TUZZOLINO v. TUZZOLINO, 2017 NY Slip Op 8991 - NY: Appellate Div., 4th Dept. 2017:
"We agree with plaintiff that the agreements are unfair and unconscionable and should be set aside. Separation agreements are subject to closer judicial scrutiny than other contracts because of the fiduciary relationship between spouses (see Christian v Christian, 42 NY2d 63, 72 [1977]; Gibson v Gibson, 284 AD2d 908, 909 [4th Dept 2001]). A separation agreement should be set aside as unconscionable where it is "such as no person in his or her senses and not under delusion would make on the one hand, and as no honest and fair person would accept on the other . . ., the inequality being so strong and manifest as to shock the conscience and confound the judgment of any person of common sense" (Christian, 42 NY2d at 71 [internal quotation marks and brackets omitted]; see Dawes v Dawes, 110 AD3d 1450, 1451 [4th Dept 2013]; Skotnicki v Skotnicki, 237 AD2d 974, 975 [4th Dept 1997]). We note that the unconscionability or inequality of a separation agreement may be the result of overreaching by one party to the detriment of another (see Tchorzewski v Tchorzewski, 278 AD2d 869, 870 [4th Dept 2000]).

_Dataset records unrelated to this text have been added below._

lemma pt_mem_steiner_sym_e3_iff:
  assumes fibre: "{t. pt p t \<in> K} = {a..b}" and "a \<le> b"
  shows "pt p z \<in> steiner_sym e3 K \<longleftrightarrow> \<bar>z\<bar> \<le> (b - a) / 2"
proof -
  have "{t. pt p 0 + t *\<^sub>R e3 \<in> K} = {a..b}"
    using fibre by (simp add: pt_add_e3)
  then have half_width:
    "\<bar>Sup {t. pt p 0 + t *\<^sub>R e3 \<in> K} - Inf {t. pt p 0 + t *\<^sub>R e3 \<in> K}\<bar> / 2 = (b - a) / 2"
    using \<open>a \<le> b\<close> by simp
  have "b \<in> {t. pt p t \<in> K}"
    unfolding fibre using \<open>a \<le> b\<close> by simp
  moreover have "proj_perp e3 (pt p b) = pt p 0"
    by (simp add: proj_perp_e3)
  ultimately have base: "pt p 0 \<in> proj_perp e3 ` K"
    by (metis image_eqI mem_Collect_eq)
  show ?thesis
  proof
    assume "pt p z \<in> steiner_sym e3 K"
    then obtain x y where xy: "pt p z = x + y *\<^sub>R e3" "x \<in> proj_perp e3 ` K"
        "\<bar>y\<bar> \<le> \<bar>Sup {t. x + t *\<^sub>R e3 \<in> K} - Inf {t. x + t *\<^sub>R e3 \<in> K}\<bar> / 2"
      unfolding steiner_sym_def by blast
    from xy(2) obtain q where "x = pt q 0"
      by (auto simp: proj_perp_e3)
    with xy(1) have "x = pt p 0" "y = z"
      by (simp_all add: pt_add_e3 pt_eq_iff)
    with xy(3) half_width show "\<bar>z\<bar> \<le> (b - a) / 2"
      by simp
  next
    assume "\<bar>z\<bar> \<le> (b - a) / 2"
    with base half_width show "pt p z \<in> steiner_sym e3 K"
      unfolding steiner_sym_def by (intro CollectI exI[of _ "pt p 0"] exI[of _ z]) (simp add: pt_add_e3)
  qed
qed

Here, at the time the parties entered into the agreements, defendant wife was represented by counsel but plaintiff was not, which, while not dispositive, is a significant factor for us to consider (see Gibson, 284 AD2d at 909; Tchorzewski, 278 AD2d at 870; Skotnicki, 237 AD2d at 975). Another factor to consider is that the agreements did not make a full disclosure of the finances of the parties (see Tchorzewski, 278 AD2d at 870-871). In particular, defendant, who had a master's degree in business administration and was a professor at a SUNY college, would receive two pensions upon retirement, neither of which was valued. The separation agreement did not provide for any maintenance for plaintiff despite the gross disparity in incomes and the length of the marriage and, while the modification agreement provided maintenance for plaintiff, it also required plaintiff to transfer his interest in the marital residence to defendant. In opposition to the motion, defendant averred that the parties "wanted an agreement whereby [plaintiff] would keep his income and retirement assets and I would keep mine." As shown by their statements of net worth, which were prepared after the agreements were executed, plaintiff's assets totaled approximately $77,000 whereas defendant's assets, which included the marital residence, totaled approximately $740,000. Based on our consideration of all the factors, we conclude that the agreements here are unconscionable and were the product of overreaching by defendant and thus should be set aside (see Dawes, 110 AD3d at 1451; Gibson, 284 AD2d at 909; Tchorzewski, 278 AD2d at 871). We therefore reverse the judgment in appeal No. 1 insofar as appealed from, grant the motion, vacate the second and third decretal paragraphs, and we remit the matter to Supreme Court to determine the issues of equitable distribution and maintenance."